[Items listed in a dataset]
lemma continuous_map_upper_topology:
  "continuous_map X upper_topology f \<longleftrightarrow> (\<forall>c. openin X {x \<in> topspace X. c < f x})"
proof -
  have "continuous_map X upper_topology f \<longleftrightarrow>
      (\<forall>U. upper_open U \<longrightarrow> openin X {x \<in> topspace X. f x \<in> U})"
    by (simp add: continuous_map_def openin_upper_topology)
  also have "\<dots> \<longleftrightarrow> (\<forall>c. openin X {x \<in> topspace X. f x \<in> {c<..}})"
  proof (intro iffI allI impI)
    fix c
    assume "\<forall>U. upper_open U \<longrightarrow> openin X {x \<in> topspace X. f x \<in> U}"
    then show "openin X {x \<in> topspace X. f x \<in> {c<..}}"
      unfolding upper_open_def by blast
  next
    fix U
    assume "\<forall>c. openin X {x \<in> topspace X. f x \<in> {c<..}}" "upper_open U"
    then show "openin X {x \<in> topspace X. f x \<in> U}"
      unfolding upper_open_def by auto
  qed
  finally show ?thesis
    by simp
qed

lemma closedin_upper_sublevel:
  assumes "continuous_map X upper_topology f"
  shows "closedin X {x \<in> topspace X. f x \<le> c}"
proof -
  have "topspace X - {x \<in> topspace X. f x \<le> c} = {x \<in> topspace X. c < f x}"
    by auto
  with assms show ?thesis
    unfolding continuous_map_upper_topology closedin_def by auto
qed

» What to do:
In the records above, find each line with the word "unfolding" and copy it.

» Task solution:
      unfolding upper_open_def by blast
      unfolding upper_open_def by auto
    unfolding continuous_map_upper_topology closedin_def by auto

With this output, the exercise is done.